From the first line of the data below, copy each line up to the one containing "(\<lambda>\<beta>. VaR M", and include that line too.

RECORDS FOR THIS TASK
####
lemma ES_eq_integral_quantile:
  assumes "0 \<le> c" "c < 1"
  shows "(1 - c) * ES M c X = integral {c..1} (quantile M X)"
proof -
  have "integral {c..1} (\<lambda>\<beta>. VaR M \<beta> X) = integral {c..1} (quantile M X)"
    by (rule integral_spike[OF negligible_sing[of 0]]) (use assms in \<open>auto simp: quantile_def\<close>)
  then show ?thesis using assms by (simp add: ES_def)
qed

context prob_space
begin

lemma quantile_borel: "X \<in> Linf M \<Longrightarrow> quantile M X \<in> borel_measurable borel"
  by (rule borel_measurable_piecewise_mono[of "{{..0}, {0<..1}, {1<..}}"])
     (auto simp: mono_on_def quantile_def intro: VaR_mono)

lemma abs_quantile_le:
  "X \<in> borel_measurable M \<Longrightarrow> AE \<omega> in M. \<bar>X \<omega>\<bar> \<le> C \<Longrightarrow> \<bar>quantile M X \<beta>\<bar> \<le> \<bar>C\<bar>"
  using abs_VaR_le[of X C \<beta>] by (auto simp: quantile_def)

lemma integrable_on_quantile:
  assumes X: "X \<in> Linf M" and f: "continuous_on UNIV f"
  shows "(\<lambda>\<beta>. f (quantile M X \<beta>) :: real) integrable_on {a..b}"
proof -
  obtain C where "X \<in> borel_measurable M" "AE \<omega> in M. \<bar>X \<omega>\<bar> \<le> C"
    using X by (rule LinfE)
  then have q: "quantile M X \<beta> \<in> cball 0 \<bar>C\<bar>" for \<beta>
    using abs_quantile_le by simp
  have "bounded (f ` cball 0 \<bar>C\<bar>)"
    by (intro compact_imp_bounded compact_continuous_image continuous_on_subset[OF f]) auto
  then obtain B where "\<forall>y\<in>f ` cball 0 \<bar>C\<bar>. \<bar>y\<bar> \<le> B"
    unfolding bounded_real by blast
  then have "\<bar>f (quantile M X \<beta>)\<bar> \<le> B" for \<beta>
    using q by blast
  moreover have "(\<lambda>\<beta>. f (quantile M X \<beta>)) \<in> borel_measurable borel"
    using quantile_borel[OF X] borel_measurable_continuous_onI[OF f] by measurable
  ultimately show ?thesis by (intro bounded_borel_integrable_on_Icc)
qed

lemma integrable_pos_part:
  assumes "X \<in> Linf M"
  shows "integrable M (\<lambda>\<omega>. max 0 (X \<omega> - t))"
proof -
  obtain C where "X \<in> borel_measurable M" "AE \<omega> in M. \<bar>X \<omega>\<bar> \<le> C"
    using assms by (rule LinfE)
  then show ?thesis
    by (intro integrable_const_bound[where B="\<bar>C\<bar> + \<bar>t\<bar>"]) (auto elim!: eventually_mono)
qed

lemma nn_integral_pos_part_eq_tail:
  assumes [measurable]: "X \<in> borel_measurable M"
  shows "(\<integral>\<^sup>+\<omega>. ennreal (max 0 (X \<omega> - t)) \<partial>M)
       = (\<integral>\<^sup>+s. indicator {0..} s * ennreal (1 - rv_cdf M X (t + s)) \<partial>lborel)"
proof -
  have slice: "indicator {0..} s * emeasure M {\<omega>\<in>space M. s < max 0 (X \<omega> - t)}
      = indicator {0..} s * ennreal (1 - rv_cdf M X (t + s))" for s :: real
  proof (cases "0 \<le> s")
    case True
    then have "{\<omega>\<in>space M. s < max 0 (X \<omega> - t)} = space M - {\<omega>\<in>space M. X \<omega> \<le> t + s}"
      by auto
    then show ?thesis by (simp add: rv_cdf_def emeasure_eq_measure prob_compl)
  qed simp
  have "(\<integral>\<^sup>+\<omega>. ennreal (max 0 (X \<omega> - t)) \<partial>M)
      = (\<integral>\<^sup>+s. indicator {0..} s * emeasure M {\<omega>\<in>space M. s < max 0 (X \<omega> - t)} \<partial>lborel)"
    by (rule nn_integral_layer_cake) (auto intro: sigma_finite_measure_axioms)
  then show ?thesis by (simp only: slice)
qed

lemma nn_integral_quantile_pos_part_eq_tail:
  assumes X: "X \<in> Linf M"
  shows "(\<integral>\<^sup>+\<beta>. ennreal (indicator {0<..1} \<beta> * max 0 (quantile M X \<beta> - t)) \<partial>lborel)
       = (\<integral>\<^sup>+s. indicator {0..} s * ennreal (1 - rv_cdf M X (t + s)) \<partial>lborel)"
proof -
  have [measurable]: "quantile M X \<in> borel_measurable borel" using X by (rule quantile_borel)
  have slice: "indicator {0..} s * emeasure lborel
        {\<beta>\<in>space lborel. s < indicator {0<..1} \<beta> * max 0 (quantile M X \<beta> - t)}
      = indicator {0..} s * ennreal (1 - rv_cdf M X (t + s))" for s :: real
  proof (cases "0 \<le> s")
    case True
    have "s < indicator {0<..1} \<beta> * max 0 (quantile M X \<beta> - t)
        \<longleftrightarrow> 0 < \<beta> \<and> \<beta> \<le> 1 \<and> \<not> VaR M \<beta> X \<le> t + s" for \<beta>
      using True by (auto simp: indicator_def quantile_def)
    moreover have "0 < \<beta> \<and> \<beta> \<le> 1 \<and> \<not> VaR M \<beta> X \<le> t + s
        \<longleftrightarrow> rv_cdf M X (t + s) < \<beta> \<and> \<beta> \<le> 1" for \<beta>
    proof (cases "0 < \<beta> \<and> \<beta> \<le> 1")
      case True
      then have "VaR M \<beta> X \<le> t + s \<longleftrightarrow> \<beta> \<le> rv_cdf M X (t + s)"
        by (simp add: VaR_le_iff[OF X])
      then show ?thesis using True by linarith
    qed (use rv_cdf_nonneg[of X "t + s"] in linarith)
    ultimately have "{\<beta>\<in>space lborel. s < indicator {0<..1} \<beta> * max 0 (quantile M X \<beta> - t)}
        = {rv_cdf M X (t + s)<..1}"
      by (simp add: set_eq_iff)
    then show ?thesis using True rv_cdf_le_1[of X "t + s"] by simp
  qed simp
  have "(\<integral>\<^sup>+\<beta>. ennreal (indicator {0<..1} \<beta> * max 0 (quantile M X \<beta> - t)) \<partial>lborel)
      = (\<integral>\<^sup>+s. indicator {0..} s * emeasure lborel
           {\<beta>\<in>space lborel. s < indicator {0<..1} \<beta> * max 0 (quantile M X \<beta> - t)} \<partial>lborel)"
    by (rule nn_integral_layer_cake) (auto intro: lborel.sigma_finite_measure_axioms)
  then show ?thesis by (simp only: slice)
qed

lemma integral_quantile_pos_part:
  assumes X: "X \<in> Linf M"
  shows "integral {0..1} (\<lambda>\<beta>. max 0 (quantile M X \<beta> - t)) = (\<integral>\<omega>. max 0 (X \<omega> - t) \<partial>M)"
proof -
  let ?f = "\<lambda>\<beta>. max 0 (quantile M X \<beta> - t)"
  have "?f integrable_on {0..1}"
    using X by (rule integrable_on_quantile) (intro continuous_intros)
  then have "(?f has_integral integral {0..1} ?f) {0<..1}"
    by (subst has_integral_spike_set_eq[of "{0<..1}" "{0..1}"])
       (auto intro: negligible_subset[OF negligible_sing[of 0]])
  then have "(\<integral>\<^sup>+\<beta>. ennreal (indicator {0<..1} \<beta> * ?f \<beta>) \<partial>lborel) = ennreal (integral {0..1} ?f)"
    by (intro nn_integral_has_integral_lebesgue) auto
  moreover have "(\<integral>\<^sup>+\<omega>. ennreal (max 0 (X \<omega> - t)) \<partial>M) = ennreal (\<integral>\<omega>. max 0 (X \<omega> - t) \<partial>M)"
    using integrable_pos_part[OF X] by (intro nn_integral_eq_integral) auto
  ultimately have "ennreal (integral {0..1} ?f) = ennreal (\<integral>\<omega>. max 0 (X \<omega> - t) \<partial>M)"
    using nn_integral_quantile_pos_part_eq_tail[OF X] nn_integral_pos_part_eq_tail[of X] X
    by (auto simp: Linf_def)
  moreover have "0 \<le> integral {0..1} ?f"
    using \<open>?f integrable_on {0..1}\<close> by (rule integral_nonneg) simp
  ultimately show ?thesis by (simp add: integral_nonneg_AE)
qed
####
TASK RESULT
lemma ES_eq_integral_quantile:
  assumes "0 \<le> c" "c < 1"
  shows "(1 - c) * ES M c X = integral {c..1} (quantile M X)"
proof -
  have "integral {c..1} (\<lambda>\<beta>. VaR M \<beta> X) = integral {c..1} (quantile M X)"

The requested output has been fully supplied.